[GIVEN ENTRIES]:
==========

(* Let $X_1,\dots,X_n$ be i.i.d. positive random variables with mean $\mu$ such that $\alpha=\|X_1-\mu\|_{\psi_1}<+\infty$, and let $\hat X_n=\frac1n\sum_{i=1}^nX_i$. Let $\eta=\alpha/\mu$, and for $\delta\in(0,1)$ let $C_{n,\delta}=2\sqrt{\log(2/\delta)/n}+2\log(2/\delta)/n$. Then with probability at least $1-\delta$, $$\mu\ge \hat X_n\,(1-\eta C_{n,\delta})_+ .$$ Moreover, if $\eta C_{n,\delta}\le \tfrac14$, then with probability at least $1-\delta$, $$\hat X_n(1-\eta C_{n,\delta})_+\le\mu\le \hat X_n\Bigl(1+\tfrac43\eta C_{n,\delta}\Bigr).$$
   Context: For a real random variable $Y$, $\|Y\|_{\psi_1}=\inf\{C>0:\mathbb E[\exp(|Y|/C)]\le2\}$ (sub-exponential / Orlicz norm). $(x)_+=\max\{x,0\}$. *)

theory Defs
  imports "HOL-Probability.Probability"
begin

text \<open>Sub-exponential (Orlicz psi_1) norm:
  inf {C > 0. E[exp(|Y|/C)] \<le> 2}, with the expectation taken as a
  nonnegative (possibly infinite) integral; value \<infinity> if the set is empty.\<close>
definition psi1_norm :: "'a measure \<Rightarrow> ('a \<Rightarrow> real) \<Rightarrow> ereal" where
  "psi1_norm M Y = Inf {ereal C | C. C > 0 \<and>
      (\<integral>\<^sup>+ x. ennreal (exp (\<bar>Y x\<bar> / C)) \<partial>M) \<le> 2}"

definition C_nd :: "nat \<Rightarrow> real \<Rightarrow> real" where
  "C_nd n \<delta> = 2 * sqrt (ln (2 / \<delta>) / real n) + 2 * ln (2 / \<delta>) / real n"

end

theory Submission
  imports Defs
begin

text \<open>Bernstein's inequality for sub-exponential variables. If \<open>E exp(|Y|/a) \<le> 2\<close> and
  \<open>E Y = 0\<close>, comparing exponential series termwise gives \<open>E exp(l Y) \<le> exp((l a)\<^sup>2)\<close> for
  \<open>0 \<le> l \<le> 1/a\<close>. By independence and Chernoff's bound, with a tilt \<open>l\<close> adapted to
  \<open>C(n,\<delta>)\<close>, the centred sum of \<open>n\<close> copies exceeds \<open>n a C(n,\<delta>)\<close> in absolute value with
  probability at most \<open>\<delta>\<close>. Letting \<open>a\<close> decrease to the \<open>\<psi>\<^sub>1\<close>-norm \<open>\<alpha>\<close>, the sample mean
  satisfies \<open>|X - \<mu>| \<le> \<alpha> C(n,\<delta>) = \<eta> C(n,\<delta>) \<mu>\<close> with probability at least \<open>1 - \<delta>\<close>, and
  both bounds on \<open>\<mu>\<close> are elementary consequences of this relative deviation bound.\<close>

lemma exp_scaled_le_quadratic:
  fixes s z :: real
  assumes s: "0 \<le> s" "s \<le> 1"
  shows "exp (s * z) \<le> 1 + s * z + s\<^sup>2 * (exp \<bar>z\<bar> - 1)"
proof -
  define r where "r = (\<lambda>x::real. \<lambda>n::nat. inverse (fact (n + 2)) *\<^sub>R (x ^ (n + 2)))"
  have summable: "summable (r x)" for x
    using summable_ignore_initial_segment[OF summable_exp_generic[of x], of 2]
    by (simp add: r_def)
  have exp_r: "exp x = 1 + x + suminf (r x)" for x
    unfolding r_def by (rule exp_first_two_terms)
  have "r (s * z) n \<le> s\<^sup>2 * r \<bar>z\<bar> n" for n
  proof -
    have "(s * z) ^ (n + 2) \<le> \<bar>(s * z) ^ (n + 2)\<bar>"
      by simp
    also have "\<dots> = s ^ n * s\<^sup>2 * \<bar>z\<bar> ^ (n + 2)"
      using s by (simp add: power_abs power_mult_distrib power_add abs_mult power2_eq_square)
    also have "\<dots> \<le> s\<^sup>2 * \<bar>z\<bar> ^ (n + 2)"
      using mult_right_mono[OF power_le_one[OF s, of n], of "s\<^sup>2 * \<bar>z\<bar> ^ (n + 2)"] by simp
    finally show ?thesis
      unfolding r_def by (simp add: divide_right_mono field_simps)
  qed
  then have "suminf (r (s * z)) \<le> s\<^sup>2 * suminf (r \<bar>z\<bar>)"
    using suminf_le[OF _ summable summable_mult[OF summable]] suminf_mult[OF summable] by metis
  moreover have "suminf (r \<bar>z\<bar>) \<le> exp \<bar>z\<bar> - 1"
    using exp_r[of "\<bar>z\<bar>"] by simp
  ultimately show ?thesis
    using exp_r[of "s * z"] mult_left_mono[of _ _ "s\<^sup>2"] by fastforce
qed

text \<open>The tilt is \<open>u = min 1 (sqrt (t/N))\<close>.\<close>

lemma exists_tilt_sqrt_plus_linear_rate:
  fixes t N :: real
  assumes t: "t > 0" and N: "N > 0"
  shows "\<exists>u. 0 < u \<and> u \<le> 1 \<and> N * u\<^sup>2 - u * N * (2 * sqrt (t / N) + 2 * t / N) \<le> -t"
proof (cases "t \<le> N")
  case True
  define u where "u = sqrt (t / N)"
  have u2: "u\<^sup>2 = t / N" and "0 < u"
    using t N by (simp_all add: u_def)
  moreover have "u \<le> 1"
    using True N by (simp add: u_def)
  moreover have "N * u\<^sup>2 - u * N * (2 * sqrt (t / N) + 2 * t / N) = -t - 2 * t * u"
    using N u2 by (simp flip: u_def) (simp add: field_simps power2_eq_square)
  ultimately show ?thesis
    using t by (intro exI[of _ u]) auto
next
  case False
  have "N * (2 * sqrt (t / N) + 2 * t / N) = 2 * N * sqrt (t / N) + 2 * t"
    using N by (simp add: field_simps)
  moreover have "0 \<le> N * sqrt (t / N)"
    using N t by simp
  ultimately show ?thesis
    using False by (intro exI[of _ 1]) simp
qed

lemma mult_pos_part_le_if_abs_diff_le:
  fixes h \<mu> \<eta> :: real
  assumes dev: "\<bar>h - \<mu>\<bar> \<le> \<eta> * \<mu>" and \<mu>: "\<mu> > 0"
  shows "h * max 0 (1 - \<eta>) \<le> \<mu>"
proof (cases "\<eta> < 1")
  case True
  have "h * (1 - \<eta>) \<le> (\<mu> + \<eta> * \<mu>) * (1 - \<eta>)"
    using True dev by (intro mult_right_mono) auto
  also have "\<dots> = \<mu> - \<eta>\<^sup>2 * \<mu>"
    by (simp add: algebra_simps power2_eq_square)
  also have "\<dots> \<le> \<mu>"
    using \<mu> by simp
  finally show ?thesis
    using True by simp
qed (use \<mu> in simp)

lemma le_mult_if_abs_diff_le:
  fixes h \<mu> \<eta> :: real
  assumes dev: "\<bar>h - \<mu>\<bar> \<le> \<eta> * \<mu>" and \<mu>: "\<mu> > 0" and \<eta>: "\<eta> \<le> 1/4"
  shows "\<mu> \<le> h * (1 + 4/3 * \<eta>)"
proof -
  have "0 \<le> \<eta>"
    using order_trans[OF abs_ge_zero dev] \<mu> by (simp add: zero_le_mult_iff)
  have "\<mu> \<le> \<mu> * (1 + \<eta> * (1 - 4 * \<eta>) / 3)"
    using \<open>0 \<le> \<eta>\<close> \<eta> \<mu> by simp
  also have "\<dots> = (\<mu> - \<eta> * \<mu>) * (1 + 4/3 * \<eta>)"
    by (simp add: field_simps)
  also have "\<dots> \<le> h * (1 + 4/3 * \<eta>)"
    using dev \<open>0 \<le> \<eta>\<close> by (intro mult_right_mono) auto
  finally show ?thesis .
qed

lemma psi1_norm_nonneg: "0 \<le> psi1_norm M Y"
  unfolding psi1_norm_def by (auto intro!: Inf_greatest)

lemma psi1_norm_lessD:
  assumes "psi1_norm M Y < ereal a"
  shows "(\<integral>\<^sup>+x. ennreal (exp (\<bar>Y x\<bar> / a)) \<partial>M) \<le> 2"
proof -
  obtain c where c: "0 < c" "c < a" and bound: "(\<integral>\<^sup>+x. ennreal (exp (\<bar>Y x\<bar> / c)) \<partial>M) \<le> 2"
    using assms unfolding psi1_norm_def Inf_less_iff by auto
  have "(\<integral>\<^sup>+x. ennreal (exp (\<bar>Y x\<bar> / a)) \<partial>M) \<le> (\<integral>\<^sup>+x. ennreal (exp (\<bar>Y x\<bar> / c)) \<partial>M)"
    using c by (intro nn_integral_mono ennreal_leI exp_mono divide_left_mono) auto
  with bound show ?thesis
    by simp
qed

lemma
  assumes X: "X \<in> borel_measurable M" and X': "X' \<in> borel_measurable M"
    and distr: "distr M borel X = distr M borel X'"
  shows integrable_cong_distr: "integrable M X \<longleftrightarrow> integrable M X'"
    and integral_cong_distr: "integral\<^sup>L M X = integral\<^sup>L M X'"
    and psi1_norm_cong_distr: "psi1_norm M (\<lambda>x. X x - c) = psi1_norm M (\<lambda>x. X' x - c)"
proof -
  show "integrable M X \<longleftrightarrow> integrable M X'"
    using integrable_distr_eq[OF X, of "\<lambda>y. y"] integrable_distr_eq[OF X', of "\<lambda>y. y"] distr
    by simp
  show "integral\<^sup>L M X = integral\<^sup>L M X'"
    using integral_distr[OF X, of "\<lambda>y. y"] integral_distr[OF X', of "\<lambda>y. y"] distr by simp
  have "(\<integral>\<^sup>+x. ennreal (exp (\<bar>X x - c\<bar> / C)) \<partial>M) = (\<integral>\<^sup>+x. ennreal (exp (\<bar>X' x - c\<bar> / C)) \<partial>M)"
    for C
    using nn_integral_distr[OF X, of "\<lambda>y. ennreal (exp (\<bar>y - c\<bar> / C))"]
      nn_integral_distr[OF X', of "\<lambda>y. ennreal (exp (\<bar>y - c\<bar> / C))"] distr
    by simp
  then show "psi1_norm M (\<lambda>x. X x - c) = psi1_norm M (\<lambda>x. X' x - c)"
    unfolding psi1_norm_def by simp
qed

lemma (in prob_space) expectation_pos:
  fixes X :: "'a \<Rightarrow> real"
  assumes "integrable M X" and pos: "\<And>x. x \<in> space M \<Longrightarrow> 0 < X x"
  shows "0 < expectation X"
proof -
  have nonneg: "AE x in M. 0 \<le> X x"
    using pos by (simp add: AE_I2 less_imp_le)
  have "expectation X \<noteq> 0"
  proof
    assume "expectation X = 0"
    then have "AE x in M. X x = 0"
      using integral_nonneg_eq_0_iff_AE[OF assms(1) nonneg] by simp
    moreover have "AE x in M. 0 < X x"
      using pos by (auto intro!: AE_I2)
    ultimately have "AE x in M. False"
      by eventually_elim auto
    then show False
      by simp
  qed
  with integral_nonneg_AE[OF nonneg] show ?thesis
    by simp
qed

lemma (in finite_measure) measure_gt_le_if_measure_ge_le:
  fixes f :: "'a \<Rightarrow> real"
  assumes f[measurable]: "f \<in> borel_measurable M"
    and bound: "\<And>a. c < a \<Longrightarrow> measure M {x\<in>space M. a \<le> f x} \<le> \<delta>"
  shows "measure M {x\<in>space M. c < f x} \<le> \<delta>"
proof -
  define A where "A k = {x\<in>space M. c + 1 / Suc k \<le> f x}" for k :: nat
  have "incseq A"
  proof (rule incseq_SucI)
    fix k
    have "1 / real (Suc (Suc k)) \<le> 1 / real (Suc k)"
      by (simp add: frac_le)
    then show "A k \<subseteq> A (Suc k)"
      unfolding A_def by auto
  qed
  moreover have "(\<Union>k. A k) = {x\<in>space M. c < f x}"
  proof (intro equalityI subsetI)
    fix x assume "x \<in> (\<Union>k. A k)"
    then obtain k where x: "x \<in> space M" "c + 1 / Suc k \<le> f x"
      by (auto simp: A_def)
    have "c < c + 1 / Suc k"
      by simp
    also have "\<dots> \<le> f x"
      by (rule x(2))
    finally show "x \<in> {x\<in>space M. c < f x}"
      using x(1) by simp
  next
    fix x assume "x \<in> {x\<in>space M. c < f x}"
    then have "x \<in> space M" "c < f x"
      by auto
    then obtain k where "inverse (real (Suc k)) < f x - c"
      using reals_Archimedean[of "f x - c"] by auto
    with \<open>x \<in> space M\<close> have "x \<in> A k"
      by (simp add: A_def inverse_eq_divide)
    then show "x \<in> (\<Union>k. A k)"
      by blast
  qed
  moreover have "A k \<in> sets M" for k
    unfolding A_def by measurable
  ultimately have "(\<lambda>k. measure M (A k)) \<longlonglongrightarrow> measure M {x\<in>space M. c < f x}"
    using finite_Lim_measure_incseq[of A] by auto
  then show ?thesis
    by (rule LIMSEQ_le_const2) (auto simp: A_def intro!: bound)
qed

lemma (in finite_measure) measure_Collect_ge_mono:
  assumes "p \<le> measure M {x\<in>space M. P x}" and "\<And>x. x \<in> space M \<Longrightarrow> P x \<Longrightarrow> Q x"
    and "{x\<in>space M. Q x} \<in> sets M"
  shows "p \<le> measure M {x\<in>space M. Q x}"
  using assms(1) finite_measure_mono[of "{x\<in>space M. P x}", OF _ assms(3)] assms(2) by force

lemma (in prob_space) subexponential_mgf_le:
  fixes Y :: "'a \<Rightarrow> real"
  assumes [measurable]: "Y \<in> borel_measurable M"
    and "integrable M Y" and "expectation Y = 0"
    and a: "a > 0" and psi: "(\<integral>\<^sup>+x. ennreal (exp (\<bar>Y x\<bar> / a)) \<partial>M) \<le> 2"
    and l: "0 \<le> l" "l \<le> 1 / a"
  shows "(\<integral>\<^sup>+x. ennreal (exp (l * Y x)) \<partial>M) \<le> ennreal (exp ((l * a)\<^sup>2))"
proof -
  define s where "s = l * a"
  have s: "0 \<le> s" "s \<le> 1"
    using l a by (auto simp: s_def field_simps)
  have int_psi: "integrable M (\<lambda>x. exp (\<bar>Y x\<bar> / a))"
    using psi by (intro integrableI_bounded) (auto simp: order_le_less_trans)
  have "ennreal (expectation (\<lambda>x. exp (\<bar>Y x\<bar> / a))) = (\<integral>\<^sup>+x. ennreal (exp (\<bar>Y x\<bar> / a)) \<partial>M)"
    using int_psi by (intro nn_integral_eq_integral[symmetric]) auto
  with psi have "ennreal (expectation (\<lambda>x. exp (\<bar>Y x\<bar> / a))) \<le> ennreal 2"
    by simp
  then have E_psi: "expectation (\<lambda>x. exp (\<bar>Y x\<bar> / a)) \<le> 2"
    by (rule ennreal_le_iff[THEN iffD1, rotated]) simp
  have int_exp: "integrable M (\<lambda>x. exp (l * Y x))"
  proof (rule Bochner_Integration.integrable_bound[OF int_psi])
    have "l * Y x \<le> \<bar>Y x\<bar> / a" for x
    proof -
      have "l * Y x \<le> l * \<bar>Y x\<bar>"
        using l by (simp add: mult_left_mono)
      also have "\<dots> \<le> \<bar>Y x\<bar> / a"
        using mult_right_mono[OF l(2) abs_ge_zero, of "Y x"] by simp
      finally show ?thesis .
    qed
    then show "AE x in M. norm (exp (l * Y x)) \<le> norm (exp (\<bar>Y x\<bar> / a))"
      by simp
  qed simp
  have pointwise: "exp (l * Y x) \<le> 1 + (s / a) * Y x + s\<^sup>2 * (exp (\<bar>Y x\<bar> / a) - 1)" for x
    using exp_scaled_le_quadratic[OF s, of "Y x / a"] a by (simp add: s_def)
  have "expectation (\<lambda>x. exp (l * Y x))
      \<le> expectation (\<lambda>x. 1 + (s / a) * Y x + s\<^sup>2 * (exp (\<bar>Y x\<bar> / a) - 1))"
    using assms int_psi by (intro integral_mono int_exp pointwise) auto
  also have "\<dots> = 1 + s\<^sup>2 * (expectation (\<lambda>x. exp (\<bar>Y x\<bar> / a)) - 1)"
    using assms int_psi by (simp add: prob_space)
  also have "\<dots> \<le> 1 + s\<^sup>2"
    using E_psi by (simp add: mult_left_le)
  also have "\<dots> \<le> exp (s\<^sup>2)"
    by simp
  finally show ?thesis
    using int_exp by (subst nn_integral_eq_integral) (auto simp: s_def)
qed

lemma (in prob_space) indep_vars_borel_measurable:
  assumes "indep_vars (\<lambda>_. borel) Y I" and "i \<in> I"
  shows "Y i \<in> borel_measurable M"
  using assms unfolding indep_vars_def by auto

==========

[EXERCISE DIRECTIONS]:
Above are the records. Print exactly, and only, the lines from the line with "exp((l a)\<^sup>2)\<close> for" to the line with "absolute value with", both inclusive.

[REPLY TO THE TASK]:
  \<open>E Y = 0\<close>, comparing exponential series termwise gives \<open>E exp(l Y) \<le> exp((l a)\<^sup>2)\<close> for
  \<open>0 \<le> l \<le> 1/a\<close>. By independence and Chernoff's bound, with a tilt \<open>l\<close> adapted to
  \<open>C(n,\<delta>)\<close>, the centred sum of \<open>n\<close> copies exceeds \<open>n a C(n,\<delta>)\<close> in absolute value with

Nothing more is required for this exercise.